Data provided section start
text \<open>If \<open>C\<^sub>m = Y \<or> Z\<close> with \<open>Y\<close> nil, then every identity \<open>u = v\<close> of \<open>Z\<close> holds in \<open>C\<^sub>m\<close>: multiplying the
  substitution instance \<open>x \<mapsto> x, others \<mapsto> y\<close> by an absorbing power of \<open>y\<close> yields an identity of
  \<open>Y \<and> Z\<close>, from which the truncated count of \<open>x\<close> recovers that of each variable of \<open>u = v\<close>.\<close>
lemma Cvar_nil_join:
  assumes cY: "cvar Y" and cZ: "cvar Z" and nY: "nilvar Y" and j: "Cvar m = vjoin Y Z"
  shows "Cvar m = Z"
proof (cases "m = 0")
  case False
  then have m: "m \<ge> 1" by simp
  obtain n where n: "\<And>w. (Mul (tpow (Var 1) n) w, tpow (Var 1) n) \<in> Y"
    using nil_absorbing_power[OF cY nY] by blast
  have "(u, v) \<in> Cvar m" if uv: "(u, v) \<in> Z" for u v
  proof -
    have "min m (cnt i u) = min m (cnt i v)" for i
    proof -
      define \<sigma> where "\<sigma> j = (if j = i then Var 0 else Var 1)" for j
      define L where "L = Mul (subst \<sigma> u) (tpow (Var 1) n)"
      define R where "R = Mul (subst \<sigma> v) (tpow (Var 1) n)"
      have "(L, R) \<in> Z"
        unfolding L_def R_def using cvar_mul[OF cZ cvar_subst[OF cZ uv] cvar_refl[OF cZ]] .
      moreover have "(L, tpow (Var 1) n) \<in> Y" "(R, tpow (Var 1) n) \<in> Y"
        unfolding L_def R_def using cvar_trans[OF cY cvar_comm[OF cY] n] by auto
      then have "(L, R) \<in> Y" using cvar_trans[OF cY] cvar_sym[OF cY] by blast
      ultimately have "min m (cnt 0 L) = min m (cnt 0 R)"
        using j Cvar_trunc unfolding vjoin_def by blast
      moreover have "cnt 0 (subst \<sigma> t) = cnt i t" for t
      proof -
        have "(\<lambda>j. cnt 0 (\<sigma> j)) = (\<lambda>j. if j = i then 1 else 0)" by (auto simp: \<sigma>_def)
        then show ?thesis unfolding cnt_subst by (simp add: cnt_eq_sumv[of i t])
      qed
      ultimately show ?thesis by (simp add: L_def R_def cnt_eq_sumv[of 0 "tpow _ _"] sumv_tpow)
    qed
    then show ?thesis using trunc_imp_Cvar[OF m] by blast
  qed
  then show ?thesis using j unfolding vjoin_def by auto
qed (use j in \<open>auto simp: Cvar_def vjoin_def\<close>)
lemma card_light_sets_with_one:
  assumes "1 \<le> L"
  shows "card {T \<in> light_sets a L. 1 \<in> T} = count_avoiding_one a (L - 1)"
  unfolding count_avoiding_one_def
proof (rule bij_betw_same_card[of "\<lambda>T. T - {1}"], rule bij_betw_byWitness[where f' = "insert 1"])
  show "(\<lambda>T. T - {1}) ` {T \<in> light_sets a L. 1 \<in> T} \<subseteq> {T \<in> light_sets a (L - 1). 1 \<notin> T}"
  proof safe
    fix T assume T: "T \<in> light_sets a L" "1 \<in> T"
    have "sum a T = 1 + sum a (T - {1})"
      using sum.remove[OF finite_mem_light_sets[OF T(1)] T(2), of a] weight_one by simp
    moreover have "a i \<le> sum a (T - {1})" if "i \<in> T - {1}" for i
      using member_le_sum[of i "T - {1}" a] that finite_mem_light_sets[OF T(1)] by simp
    ultimately show "T - {1} \<in> light_sets a (L - 1)"
      using T(1) by (fastforce simp: light_sets_def light_indices_def)
  qed
  show "insert 1 ` {T \<in> light_sets a (L - 1). 1 \<notin> T} \<subseteq> {T \<in> light_sets a L. 1 \<in> T}"
    using assms weight_one finite_mem_light_sets
    by (auto simp: light_sets_def light_indices_def)
qed auto

lemma ratio_with_one_eq:
  assumes "1 \<le> L"
  shows "ratio_with_one a L =
    count_avoiding_one a (L - 1) / (count_avoiding_one a L + count_avoiding_one a (L - 1))"
  unfolding ratio_with_one_def card_light_sets card_light_sets_with_one[OF assms] by simp
(* Let $H$, $G$, $R$ be finite simple connected graphs such that $H$ is an induced subgraph of $G$ and $G$ is an induced subgraph of $R$, with $\mathrm{diam}(H)=\mathrm{diam}(G)=2$. If $\beta(R)=n(R)-t$ and $\beta(H)=n(H)-t$ for some positive integer $t$, then $\beta(G)=n(G)-t$.
   Context: $n(X)$ denotes the number of vertices of a graph $X$. For an ordered set $W=\{w_1,\dots,w_k\}$ of vertices of a connected graph $X$, $r(v|W)=(d_X(v,w_1),\dots,d_X(v,w_k))$ with $d_X$ the shortest-path distance; $W$ is a resolving set if distinct vertices have distinct vectors $r(\cdot|W)$, and $\beta(X)$, the metric dimension, is the minimum size of a resolving set. *)

theory Defs
  imports Main
begin

definition simple_graph :: "'a set \<Rightarrow> ('a \<Rightarrow> 'a \<Rightarrow> bool) \<Rightarrow> bool" where
  "simple_graph V E \<longleftrightarrow> finite V \<and> (\<forall>u v. E u v \<longrightarrow> E v u) \<and> (\<forall>v. \<not> E v v)
     \<and> (\<forall>u v. E u v \<longrightarrow> u \<in> V \<and> v \<in> V)"

definition induced_subgraph :: "'a set \<Rightarrow> ('a \<Rightarrow> 'a \<Rightarrow> bool) \<Rightarrow> 'a set \<Rightarrow> ('a \<Rightarrow> 'a \<Rightarrow> bool) \<Rightarrow> bool" where
  "induced_subgraph V' E' V E \<longleftrightarrow> V' \<subseteq> V \<and> (\<forall>u v. E' u v \<longleftrightarrow> (u \<in> V' \<and> v \<in> V' \<and> E u v))"

definition walk :: "'a set \<Rightarrow> ('a \<Rightarrow> 'a \<Rightarrow> bool) \<Rightarrow> 'a list \<Rightarrow> bool" where
  "walk V E xs \<longleftrightarrow> xs \<noteq> [] \<and> set xs \<subseteq> V \<and> (\<forall>i. Suc i < length xs \<longrightarrow> E (xs ! i) (xs ! Suc i))"

definition reachable_in :: "'a set \<Rightarrow> ('a \<Rightarrow> 'a \<Rightarrow> bool) \<Rightarrow> nat \<Rightarrow> 'a \<Rightarrow> 'a \<Rightarrow> bool" where
  "reachable_in V E n u v \<longleftrightarrow> (\<exists>xs. walk V E xs \<and> hd xs = u \<and> last xs = v \<and> length xs = Suc n)"

definition connected_graph :: "'a set \<Rightarrow> ('a \<Rightarrow> 'a \<Rightarrow> bool) \<Rightarrow> bool" where
  "connected_graph V E \<longleftrightarrow> V \<noteq> {} \<and> (\<forall>u\<in>V. \<forall>v\<in>V. \<exists>n. reachable_in V E n u v)"

definition gdist :: "'a set \<Rightarrow> ('a \<Rightarrow> 'a \<Rightarrow> bool) \<Rightarrow> 'a \<Rightarrow> 'a \<Rightarrow> nat" where
  "gdist V E u v = (LEAST n. reachable_in V E n u v)"

definition diameter :: "'a set \<Rightarrow> ('a \<Rightarrow> 'a \<Rightarrow> bool) \<Rightarrow> nat" where
  "diameter V E = Max {gdist V E u v | u v. u \<in> V \<and> v \<in> V}"

definition resolving_set :: "'a set \<Rightarrow> ('a \<Rightarrow> 'a \<Rightarrow> bool) \<Rightarrow> 'a set \<Rightarrow> bool" where
  "resolving_set V E W \<longleftrightarrow> W \<subseteq> V \<and>
     (\<forall>u\<in>V. \<forall>v\<in>V. (\<forall>w\<in>W. gdist V E u w = gdist V E v w) \<longrightarrow> u = v)"

definition metric_dim :: "'a set \<Rightarrow> ('a \<Rightarrow> 'a \<Rightarrow> bool) \<Rightarrow> nat" where
  "metric_dim V E = (LEAST k. \<exists>W. resolving_set V E W \<and> card W = k)"

end

theory Submission
  imports Defs
begin

text \<open>If an induced subgraph H of a connected graph G has diameter at most 2, then H is
  isometric in G: distances 0 and 1 are read off from equality and adjacency, which G and H
  share, and every other distance is 2 in both. Hence a resolving set of H together with all
  vertices outside H resolves G, so \<open>\<beta>(G) \<le> \<beta>(H) + n(G) - n(H)\<close>. Applied to \<open>H \<subseteq> G\<close> and to
  \<open>G \<subseteq> R\<close>, this squeezes \<open>\<beta>(G)\<close> between \<open>\<beta>(R) - n(R) + n(G)\<close> and \<open>\<beta>(H) - n(H) + n(G)\<close>,
  both equal to \<open>n(G) - t\<close>.\<close>

lemma reachable_in_0_iff: "reachable_in V E 0 u v \<longleftrightarrow> u \<in> V \<and> u = v"
proof
  assume "reachable_in V E 0 u v"
  then obtain x where "walk V E [x]" "hd [x] = u" "last [x] = v"
    unfolding reachable_in_def by (auto simp: length_Suc_conv)
  then show "u \<in> V \<and> u = v" unfolding walk_def by auto
next
  assume "u \<in> V \<and> u = v"
  then show "reachable_in V E 0 u v"
    unfolding reachable_in_def walk_def by (intro exI[of _ "[u]"]) auto
qed

lemma reachable_in_1_iff: "reachable_in V E 1 u v \<longleftrightarrow> E u v \<and> u \<in> V \<and> v \<in> V"
proof
  assume "reachable_in V E 1 u v"
  then obtain x y where "walk V E [x, y]" "hd [x, y] = u" "last [x, y] = v"
    unfolding reachable_in_def by (auto simp: length_Suc_conv)
  then show "E u v \<and> u \<in> V \<and> v \<in> V" unfolding walk_def by force
next
  assume "E u v \<and> u \<in> V \<and> v \<in> V"
  then show "reachable_in V E 1 u v"
    unfolding reachable_in_def walk_def by (intro exI[of _ "[u, v]"]) (auto simp: less_Suc_eq)
qed

lemma reachable_in_induced_subgraph:
  assumes "induced_subgraph V' E' V E" "reachable_in V' E' n u v"
  shows "reachable_in V E n u v"
  using assms unfolding induced_subgraph_def reachable_in_def walk_def by blast

lemma reachable_in_gdist:
  assumes "connected_graph V E" "u \<in> V" "v \<in> V"
  shows "reachable_in V E (gdist V E u v) u v"
  using assms unfolding connected_graph_def gdist_def by (meson LeastI_ex)

lemma gdist_le_reachable_in: "reachable_in V E n u v \<Longrightarrow> gdist V E u v \<le> n"
  unfolding gdist_def by (rule Least_le)

lemma gdist_eq_0_iff:
  assumes "connected_graph V E" "u \<in> V" "v \<in> V"
  shows "gdist V E u v = 0 \<longleftrightarrow> u = v"
  using reachable_in_gdist[OF assms] gdist_le_reachable_in[of V E 0 u v] assms(2)
  by (auto simp: reachable_in_0_iff)

lemma gdist_eq_1_imp_adjacent:
  assumes "connected_graph V E" "u \<in> V" "v \<in> V" "gdist V E u v = 1"
  shows "E u v"
  using reachable_in_gdist[OF assms(1-3)] assms(4) reachable_in_1_iff[of V E u v] by simp

lemma gdist_le_diameter:
  assumes "simple_graph V E" "u \<in> V" "v \<in> V"
  shows "gdist V E u v \<le> diameter V E"
proof -
  have "{gdist V E u v | u v. u \<in> V \<and> v \<in> V} = (\<lambda>(u, v). gdist V E u v) ` (V \<times> V)"
    by auto
  moreover have "finite V" using assms(1) unfolding simple_graph_def by simp
  ultimately show ?thesis
    unfolding diameter_def using assms(2,3) by (intro Max_ge) auto
qed

lemma gdist_induced_subgraph_diameter_le_2:
  assumes sub: "induced_subgraph V' E' V E"
    and "connected_graph V E" and conn': "connected_graph V' E'"
    and simple': "simple_graph V' E'" and diam: "diameter V' E' \<le> 2"
    and u: "u \<in> V'" and v: "v \<in> V'"
  shows "gdist V E u v = gdist V' E' u v"
proof -
  have "u \<in> V" "v \<in> V" using sub u v unfolding induced_subgraph_def by auto
  note conn = \<open>connected_graph V E\<close> this
  have "gdist V E u v \<le> gdist V' E' u v"
    by (intro gdist_le_reachable_in reachable_in_induced_subgraph[OF sub]
        reachable_in_gdist[OF conn' u v])
  moreover have "gdist V' E' u v \<le> gdist V E u v"
  proof (cases "gdist V E u v")
    case 0
    then have "u = v" using gdist_eq_0_iff[OF conn] by simp
    then show ?thesis using gdist_eq_0_iff[OF conn' u v] by simp
  next
    case (Suc n)
    show ?thesis
    proof (cases n)
      case 0
      then have "E u v" using gdist_eq_1_imp_adjacent[OF conn] Suc by simp
      then have "E' u v" using sub u v unfolding induced_subgraph_def by auto
      then have "gdist V' E' u v \<le> 1"
        using u v reachable_in_1_iff[of V' E' u v] gdist_le_reachable_in[of V' E' 1 u v] by blast
      then show ?thesis using Suc 0 by simp
    next
      case (Suc m)
      then show ?thesis
        using \<open>gdist V E u v = Suc n\<close> gdist_le_diameter[OF simple' u v] diam by simp
    qed
  qed
  ultimately show ?thesis by simp
qed

lemma resolving_set_vertices:
  assumes "connected_graph V E"
  shows "resolving_set V E V"
  unfolding resolving_set_def
  using gdist_eq_0_iff[OF assms] by (metis order_refl)

lemma metric_dim_le_card:
  "resolving_set V E W \<Longrightarrow> metric_dim V E \<le> card W"
  unfolding metric_dim_def by (rule Least_le) blast

lemma ex_resolving_set_card_metric_dim:
  assumes "connected_graph V E"
  obtains W where "resolving_set V E W" "card W = metric_dim V E"
  unfolding metric_dim_def
  using LeastI_ex[of "\<lambda>k. \<exists>W. resolving_set V E W \<and> card W = k"]
    resolving_set_vertices[OF assms] by blast

lemma resolving_set_Un_outside:
  assumes sub: "induced_subgraph V' E' V E" and conn: "connected_graph V E"
    and res': "resolving_set V' E' W'"
    and isometric: "\<And>u v. u \<in> V' \<Longrightarrow> v \<in> V' \<Longrightarrow> gdist V E u v = gdist V' E' u v"
  shows "resolving_set V E (W' \<union> (V - V'))"
  unfolding resolving_set_def
proof (intro conjI ballI impI)
  have "W' \<subseteq> V'" "V' \<subseteq> V" using res' sub unfolding resolving_set_def induced_subgraph_def by auto
  then show "W' \<union> (V - V') \<subseteq> V" by blast
  fix u v assume uv: "u \<in> V" "v \<in> V"
    and same: "\<forall>w\<in>W' \<union> (V - V'). gdist V E u w = gdist V E v w"
  show "u = v"
  proof (cases "u \<in> V' \<and> v \<in> V'")
    case True
    then have "\<forall>w\<in>W'. gdist V' E' u w = gdist V' E' v w"
      using same isometric \<open>W' \<subseteq> V'\<close> by (metis UnI1 subsetD)
    then show ?thesis using res' True unfolding resolving_set_def by blast
  next
    case False
    then have "u \<in> V - V' \<or> v \<in> V - V'" using uv by blast
    then show ?thesis using same gdist_eq_0_iff[OF conn] uv by (metis UnI2)
  qed
qed

lemma metric_dim_le_induced_subgraph:
  assumes sub: "induced_subgraph V' E' V E"
    and conn: "connected_graph V E" and conn': "connected_graph V' E'"
    and simple': "simple_graph V' E'" and diam: "diameter V' E' \<le> 2"
  shows "metric_dim V E \<le> metric_dim V' E' + card (V - V')"
proof -
  obtain W' where W': "resolving_set V' E' W'" "card W' = metric_dim V' E'"
    using ex_resolving_set_card_metric_dim[OF conn'] .
  have "resolving_set V E (W' \<union> (V - V'))"
    using resolving_set_Un_outside[OF sub conn W'(1)]
      gdist_induced_subgraph_diameter_le_2[OF sub conn conn' simple' diam] by blast
  then have "metric_dim V E \<le> card (W' \<union> (V - V'))" by (rule metric_dim_le_card)
  also have "\<dots> \<le> card W' + card (V - V')" by (rule card_Un_le)
  finally show ?thesis using W'(2) by simp
qed

theorem corollary2p7:
  fixes VH VG VR :: "'a set" and EH EG ER :: "'a \<Rightarrow> 'a \<Rightarrow> bool" and t :: nat
  assumes "simple_graph VH EH" and "simple_graph VG EG" and "simple_graph VR ER"
    and "connected_graph VH EH" and "connected_graph VG EG" and "connected_graph VR ER"
    and "induced_subgraph VH EH VG EG" and "induced_subgraph VG EG VR ER"
    and "diameter VH EH = 2" and "diameter VG EG = 2"
    and "t > 0"
    and "int (metric_dim VR ER) = int (card VR) - int t"
    and "int (metric_dim VH EH) = int (card VH) - int t"
  shows "int (metric_dim VG EG) = int (card VG) - int t"
proof -
  have upper: "metric_dim VG EG \<le> metric_dim VH EH + card (VG - VH)"
    using metric_dim_le_induced_subgraph[OF assms(7,5,4,1)] assms(9) by simp
  have lower: "metric_dim VR ER \<le> metric_dim VG EG + card (VR - VG)"
    using metric_dim_le_induced_subgraph[OF assms(8,6,5,2)] assms(10) by simp
  have "VH \<subseteq> VG" "VG \<subseteq> VR" using assms(7,8) unfolding induced_subgraph_def by auto
  moreover have "finite VR" using assms(3) unfolding simple_graph_def by simp
  ultimately have "card (VG - VH) = card VG - card VH" "card (VR - VG) = card VR - card VG"
    "card VH \<le> card VG" "card VG \<le> card VR"
    by (meson card_Diff_subset card_mono finite_subset)+
  then show ?thesis using upper lower assms(12,13) by linarith
qed

end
Data provided section end
Nothing but a number is expected: the tally of lines in the records that include the word "insert".

2